─── Input

lemma block_color_le:
  assumes "v < n * b + r"
  shows "block_color n b r v \<le> n"
proof -
  define k where "k = n + r + 1 - b"
  show ?thesis
  proof (cases "v < k * b")
    case True
    then have "v div b < k" by (simp add: less_mult_imp_div_less)
    then show ?thesis using True r_less_b by (simp add: block_color_def k_def)
  next
    case False
    have "v < k * b + (b - r) * (b - 1)"
      using assms vertex_count_split by (simp add: k_def)
    then have "v - k * b < (b - r) * (b - 1)" using False by linarith
    then have "(v - k * b) div (b - 1) < b - r" by (simp add: less_mult_imp_div_less)
    then show ?thesis using False b_le by (simp add: block_color_def Let_def k_def)
  qed
qed

lemma mem_block_iff:
  assumes "i \<in> {1..n + 1}"
  shows "v \<in> block n b r i \<longleftrightarrow> v < n * b + r \<and> block_color n b r v = i - 1"
proof -
  define k where "k = n + r + 1 - b"
  obtain j where i: "i = Suc j" and "j \<le> n" using assms by (cases i) auto
  have color_long: "block_color n b r v = v div b" if "v < k * b"
    using that by (simp add: block_color_def k_def)
  have color_short: "block_color n b r v = k + (v - k * b) div (b - 1)" if "\<not> v < k * b"
    using that by (simp add: block_color_def Let_def k_def)
  have "k * b \<le> n * b + r" using vertex_count_split k_def by simp
  show ?thesis
  proof (cases "j < k")
    case True
    have "v \<in> block n b r i \<longleftrightarrow> v div b = j"
      using mem_interval_iff_div[of b v 0 j] two_le_b True
      by (simp add: i k_def block_Suc_long)
    also have "\<dots> \<longleftrightarrow> v < n * b + r \<and> block_color n b r v = j"
    proof (cases "v < k * b")
      case True
      with \<open>k * b \<le> n * b + r\<close> show ?thesis by (simp add: color_long)
    next
      case False
      then have "k \<le> v div b" using two_le_b by (simp add: less_eq_div_iff_mult_less_eq)
      then show ?thesis using False \<open>j < k\<close> by (simp add: color_short)
    qed
    finally show ?thesis by (simp add: i)
  next
    case False
    define m where "m = j - k"
    have j: "j = k + m" using False m_def by simp
    have "Suc m * (b - 1) \<le> (b - r) * (b - 1)"
      using \<open>j \<le> n\<close> b_le r_less_b by (intro mult_le_mono1) (simp add: j k_def)
    then have short_end: "k * b + Suc m * (b - 1) \<le> n * b + r"
      using vertex_count_split k_def by simp
    have "v \<in> block n b r i \<longleftrightarrow> k * b \<le> v \<and> (v - k * b) div (b - 1) = m"
      using mem_interval_iff_div[of "b - 1" v "k * b" m] two_le_b block_Suc_short[OF two_le_b]
      by (simp add: i j k_def)
    also have "\<dots> \<longleftrightarrow> v < n * b + r \<and> block_color n b r v = j"
    proof (cases "v < k * b")
      case True
      then show ?thesis using False less_mult_imp_div_less[of v k b] by (simp add: color_long)
    next
      case False
      have "v < n * b + r" if "(v - k * b) div (b - 1) = m"
      proof -
        have "v \<in> {k * b + m * (b - 1) ..< k * b + Suc m * (b - 1)}"
          using mem_interval_iff_div[of "b - 1" v "k * b" m] two_le_b False that by simp
        then show ?thesis using short_end by (simp only: atLeastLessThan_iff) linarith
      qed
      then show ?thesis using False by (auto simp: color_short j)
    qed
    finally show ?thesis by (simp add: i)
  qed
qed

lemma proper_coloring_block_color: "proper_coloring (n * b + r) b (n + 1) (block_color n b r)"
  unfolding proper_coloring_def
proof (intro conjI allI impI)
  fix v assume "v < n * b + r"
  then show "block_color n b r v < n + 1" using block_color_le by (simp add: less_Suc_eq_le)
next
  fix u v assume adj: "circ_adj (n * b + r) b u v"
  then have "u < n * b + r" "v < n * b + r" by (auto simp: circ_adj_def)
  show "block_color n b r u \<noteq> block_color n b r v"
  proof
    assume same: "block_color n b r u = block_color n b r v"
    define i where "i = Suc (block_color n b r u)"
    have i: "i \<in> {1..n + 1}" using block_color_le \<open>u < n * b + r\<close> by (simp add: i_def)
    have "u \<in> block n b r i" "v \<in> block n b r i"
      using mem_block_iff[OF i] \<open>u < _\<close> \<open>v < _\<close> same by (simp_all add: i_def)
    then show False
      using independent_block[OF two_le_b, of i "n * b + r" n r] adj
      by (auto simp: independent_def i_def)
  qed
qed

lemma blocks_cover: "(\<Union>i\<in>{1..n + 1}. block n b r i) = {0..n * b + r - 1}"
proof -
  have "0 < n * b + r" using vertex_count_split two_le_b r_less_b by simp
  then have "{0..n * b + r - 1} = {..<n * b + r}"
    by (metis Suc_pred' atLeast0AtMost lessThan_Suc_atMost)
  moreover have "v \<in> (\<Union>i\<in>{1..n + 1}. block n b r i) \<longleftrightarrow> v < n * b + r" for v
  proof
    assume "v \<in> (\<Union>i\<in>{1..n + 1}. block n b r i)"
    then obtain i where "i \<in> {1..n + 1}" and "v \<in> block n b r i" by blast
    then show "v < n * b + r" using mem_block_iff by blast
  next
    assume v: "v < n * b + r"
    define i where "i = Suc (block_color n b r v)"
    have i: "i \<in> {1..n + 1}" using block_color_le[OF v] by (simp add: i_def)
    then have "v \<in> block n b r i" using mem_block_iff[OF i] v by (simp add: i_def)
    with i show "v \<in> (\<Union>i\<in>{1..n + 1}. block n b r i)" by blast
  qed
  ultimately show ?thesis by blast
qed

lemma blocks_disjoint:
  assumes "i \<in> {1..n + 1}" and "j \<in> {1..n + 1}" and "i \<noteq> j"
  shows "block n b r i \<inter> block n b r j = {}"
proof (rule ccontr)
  assume "block n b r i \<inter> block n b r j \<noteq> {}"
  then obtain v where "v \<in> block n b r i" "v \<in> block n b r j" by blast
  then have "block_color n b r v = i - 1" "block_color n b r v = j - 1"
    using mem_block_iff[OF assms(1)] mem_block_iff[OF assms(2)] by blast+
  then have "i - 1 = j - 1" by simp
  then show False using assms by auto
qed

end

theorem mainTheorem8:
  fixes n b r :: nat
  assumes "n \<ge> 2" and "b \<ge> 2" and "1 \<le> r" and "r < b" and "int n \<ge> int b - int r - 1"
  shows "chromatic_number (n * b + r) b = n + 1
    \<and> (\<Union>i\<in>{1..n+1}. block n b r i) = {0..n * b + r - 1}
    \<and> (\<forall>i\<in>{1..n+1}. \<forall>j\<in>{1..n+1}. i \<noteq> j \<longrightarrow> block n b r i \<inter> block n b r j = {})
    \<and> (\<forall>i\<in>{1..n+1}. independent (n * b + r) b (block n b r i))"
proof -
  have b_le: "b \<le> n + r + 1" using assms(5) by linarith
  have "2 * b \<le> n * b + r" using assms(1) mult_le_mono1[of 2 n b] by linarith
  moreover have "(n + 1 - 1) * b < n * b + r" using assms(3) by simp
  ultimately have "chromatic_number (n * b + r) b = n + 1"
    using chromatic_number_eqI proper_coloring_block_color[OF assms(2,4) b_le] assms(2) by simp
  then show ?thesis
    using blocks_cover[OF assms(2,4) b_le] blocks_disjoint[OF assms(2,4) b_le]
      independent_block[OF assms(2)] by auto
qed

end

──────

◆ Problem requirements ◆
I need each line from the listing where the word "close" occurs.

◆ Result of this exercise ◆
      with \<open>k * b \<le> n * b + r\<close> show ?thesis by (simp add: color_long)
      then show ?thesis using False \<open>j < k\<close> by (simp add: color_short)
      using \<open>j \<le> n\<close> b_le r_less_b by (intro mult_le_mono1) (simp add: j k_def)
    have i: "i \<in> {1..n + 1}" using block_color_le \<open>u < n * b + r\<close> by (simp add: i_def)
      using mem_block_iff[OF i] \<open>u < _\<close> \<open>v < _\<close> same by (simp_all add: i_def)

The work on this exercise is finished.